You don’t need twenty rules to get clean, comfortable holes. You need the right size logic, a steady workflow, and tools that don’t fight you. This guide keeps the focus tight: belts and watch straps—because that’s where 0.3–0.5 mm errors show up fast. Along the way, I’ll point out where the Yorkshine DC53 punch set (1–15 mm, wooden base) quietly makes the job easier—no hard sell, just the bits that matter in daily use.
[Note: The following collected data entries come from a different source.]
lemma ray_hyperplane_notin_sepset_rays:
  assumes \<alpha>: "geodesic_ray E \<alpha>" and \<beta>: "geodesic_ray E \<beta>"
    and j: "ray_hyperplane E \<alpha> j \<notin> W_ray E \<beta> \<union> sepset E (\<alpha> 0) (\<beta> 0)" and "i \<le> j"
  shows "ray_hyperplane E \<alpha> j \<notin> sepset E (\<alpha> i) (\<beta> k)"
proof -
  let ?H = "ray_hyperplane E \<alpha> j"
  have H: "?H \<in> hyperplanes E"
    using ray_hyperplane_in_hyperplanes[OF \<alpha>] .
  have "?H \<notin> sepset E (\<alpha> i) (\<alpha> 0)"
    using ray_hyperplane_in_sepset_iff[OF \<alpha>, of j i 0] \<open>i \<le> j\<close> by simp
  moreover have "?H \<notin> sepset E (\<beta> 0) (\<beta> k)"
    using j sepset_ray[OF \<beta>, of 0 k] by (auto simp: W_ray_eq_range)
  ultimately show ?thesis
    using j sepset_xor[OF H, of "\<alpha> i" "\<beta> k" "\<alpha> 0"] sepset_xor[OF H, of "\<alpha> 0" "\<beta> k" "\<beta> 0"]
    by blast
qed

lemma gdist_rays_diverge:
  assumes \<alpha>: "geodesic_ray E \<alpha>" and \<beta>: "geodesic_ray E \<beta>"
    and N: "\<And>j. N \<le> j \<Longrightarrow> ray_hyperplane E \<alpha> j \<notin> W_ray E \<beta> \<union> sepset E (\<alpha> 0) (\<beta> 0)"
    and M: "\<And>j. M \<le> j \<Longrightarrow> ray_hyperplane E \<beta> j \<notin> W_ray E \<alpha> \<union> sepset E (\<beta> 0) (\<alpha> 0)"
  shows "d (\<alpha> (N + n)) (\<beta> (M + n)) = n + d (\<alpha> N) (\<beta> M) + n"
proof -
  have A: "sepset E (\<alpha> (N + n)) (\<alpha> N) = ray_hyperplane E \<alpha> ` {N..<N + n}"
    using sepset_ray[OF \<alpha>, of N "N + n"] by (simp add: sepset_commute)
  have B: "sepset E (\<beta> M) (\<beta> (M + n)) = ray_hyperplane E \<beta> ` {M..<M + n}"
    using sepset_ray[OF \<beta>, of M "M + n"] by simp
  have "sepset E (\<alpha> (N + n)) (\<alpha> N) \<inter> sepset E (\<alpha> N) (\<beta> M) = {}"
    unfolding A using ray_hyperplane_notin_sepset_rays[OF \<alpha> \<beta> N] by auto
  moreover have "sepset E (\<alpha> N) (\<beta> M) \<inter> sepset E (\<beta> M) (\<beta> (M + n)) = {}"
    unfolding B using ray_hyperplane_notin_sepset_rays[OF \<beta> \<alpha> M] by (auto simp: sepset_commute)
  moreover have "sepset E (\<alpha> (N + n)) (\<alpha> N) \<inter> sepset E (\<beta> M) (\<beta> (M + n)) = {}"
    unfolding A B using N by (fastforce simp: W_ray_eq_range)
  ultimately show ?thesis
    using gdist_eq_sum_if_sepsets_disjoint gdist_ray[OF \<alpha>, of "N + n" N]
      gdist_ray[OF \<beta>, of M "M + n"] by simp
qed

end

lemma almost_equiv_sym: "almost_equiv A B \<Longrightarrow> almost_equiv B A"
  by (simp add: almost_equiv_def Un_commute)

lemma almost_equiv_trans: "almost_equiv A B \<Longrightarrow> almost_equiv B C \<Longrightarrow> almost_equiv A C"
  unfolding almost_equiv_def by (rule finite_subset[rotated], rule finite_UnI) blast+

lemma almost_equiv_finite_Un: "finite F \<Longrightarrow> almost_equiv (F \<union> A) A"
  unfolding almost_equiv_def by (rule finite_subset[of _ F]) auto

lemma almost_equiv_finite_Int:
  assumes "almost_equiv A A'" "almost_equiv B B'" "finite (A' \<inter> B')"
  shows "finite (A \<inter> B)"
proof -
  have "A \<inter> B \<subseteq> (A' \<inter> B') \<union> (A - A') \<union> (B - B')"
    by blast
  then show ?thesis
    using assms unfolding almost_equiv_def by (simp add: finite_subset)
qed

lemma almost_equiv_W_ray_shift: "almost_equiv (W_ray E (\<lambda>n. \<alpha> (N + n))) (W_ray E \<alpha>)"
proof -
  have "{N..} = range ((+) N)"
    by (auto dest: le_Suc_ex)
  then have "W_ray E (\<lambda>n. \<alpha> (N + n)) = ray_hyperplane E \<alpha> ` {N..}"
    by (simp add: W_ray_eq_range ray_hyperplane_def image_image)
  moreover have
    "range (ray_hyperplane E \<alpha>) - ray_hyperplane E \<alpha> ` {N..} \<subseteq> ray_hyperplane E \<alpha> ` {..<N}"
    by (auto simp: image_iff) (metis atLeast_iff lessThan_iff not_le)
  ultimately show ?thesis
    unfolding almost_equiv_def W_ray_eq_range
    by (metis Diff_eq_empty_iff Un_empty_left finite_imageI finite_lessThan finite_subset
        image_mono subset_UNIV)
qed

lemma W_neg_eq_W_ray:
  assumes "\<And>n. \<gamma> (- int n) = \<alpha> n"
  shows "W_neg E \<gamma> = W_ray E \<alpha>"
proof -
  have step: "dual E (\<gamma> (n - 1)) (\<gamma> n) = dual E (\<alpha> (nat (- n))) (\<alpha> (Suc (nat (- n))))"
    if "n \<le> 0" for n
  proof -
    have "n = - int (nat (- n))" "n - 1 = - int (Suc (nat (- n)))"
      using that by auto
    then show ?thesis
      using assms dual_commute by metis
  qed
  show ?thesis
  proof (intro equalityI subsetI)
    fix H assume "H \<in> W_neg E \<gamma>"
    then show "H \<in> W_ray E \<alpha>"
      using step by (auto simp: W_neg_def W_ray_def)
  next
    fix H assume "H \<in> W_ray E \<alpha>"
    then obtain k where "H = dual E (\<alpha> k) (\<alpha> (Suc k))"
      by (auto simp: W_ray_def)
    then show "H \<in> W_neg E \<gamma>"
      using step[of "- int k"] unfolding W_neg_def by force
  qed
qed

lemma almost_equiv_W_pos_W_ray:
  assumes "\<And>n. \<gamma> (int K + int n) = \<beta> n"
  shows "almost_equiv (W_pos E \<gamma>) (W_ray E \<beta>)"
proof -
  have shift: "dual E (\<gamma> (int K + int n)) (\<gamma> (int K + int n + 1)) = dual E (\<beta> n) (\<beta> (Suc n))" for n
  proof -
    have "int K + int n + 1 = int K + int (Suc n)"
      by simp
    then show ?thesis
      using assms[of n] assms[of "Suc n"] by (simp only:)
  qed
  let ?F = "(\<lambda>i. dual E (\<gamma> i) (\<gamma> (i + 1))) ` {0..<int K}"
  have "W_pos E \<gamma> = ?F \<union> W_ray E \<beta>"
  proof (intro equalityI subsetI)
    fix H assume "H \<in> W_pos E \<gamma>"
    then obtain i where i: "0 \<le> i" "H = dual E (\<gamma> i) (\<gamma> (i + 1))"
      by (auto simp: W_pos_def)
    show "H \<in> ?F \<union> W_ray E \<beta>"
    proof (cases "i < int K")
      case False
      then have "i = int K + int (nat (i - int K))"
        by simp
      then have "H = dual E (\<beta> (nat (i - int K))) (\<beta> (Suc (nat (i - int K))))"
        using i(2) shift by metis
      then show ?thesis
        by (auto simp: W_ray_def)
    qed (use i in auto)
  next
    fix H assume "H \<in> ?F \<union> W_ray E \<beta>"
    then show "H \<in> W_pos E \<gamma>"
    proof
      assume "H \<in> W_ray E \<beta>"
      then obtain n where "H = dual E (\<beta> n) (\<beta> (Suc n))"
        by (auto simp: W_ray_def)
      then show ?thesis
        using shift[of n] unfolding W_pos_def by force
    qed (auto simp: W_pos_def)
  qed
  then show ?thesis
    by (simp add: almost_equiv_finite_Un)
qed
Learn hole sizes & spacing that actually fit—belts 3.5–4.0 mm, watch straps 1.8–2.5 mm—plus a test-first workflow. Built around the Yorkshine DC53 1–15 mm set (55–57 HRC, non-slip, side-screw, wooden base; 1–9 mm drop-through). Read the guide & download the A4 cheat sheet.

The sizing rule that avoids 90% of problems

Start with the hardware, then add a tiny cushion for leather thickness.

Formula:
Hole Ø = Prong/Post Ø + 0.2–0.4 mm (thicker hides → closer to +0.4 mm)
Then test on an off-cut of the exact leather you’ll ship.

Why it works: prong/post is the constraint; leather thickness raises sidewall friction. That extra 0.2–0.4 mm prevents scuffing, ovals, and that annoying “pin chew” over time.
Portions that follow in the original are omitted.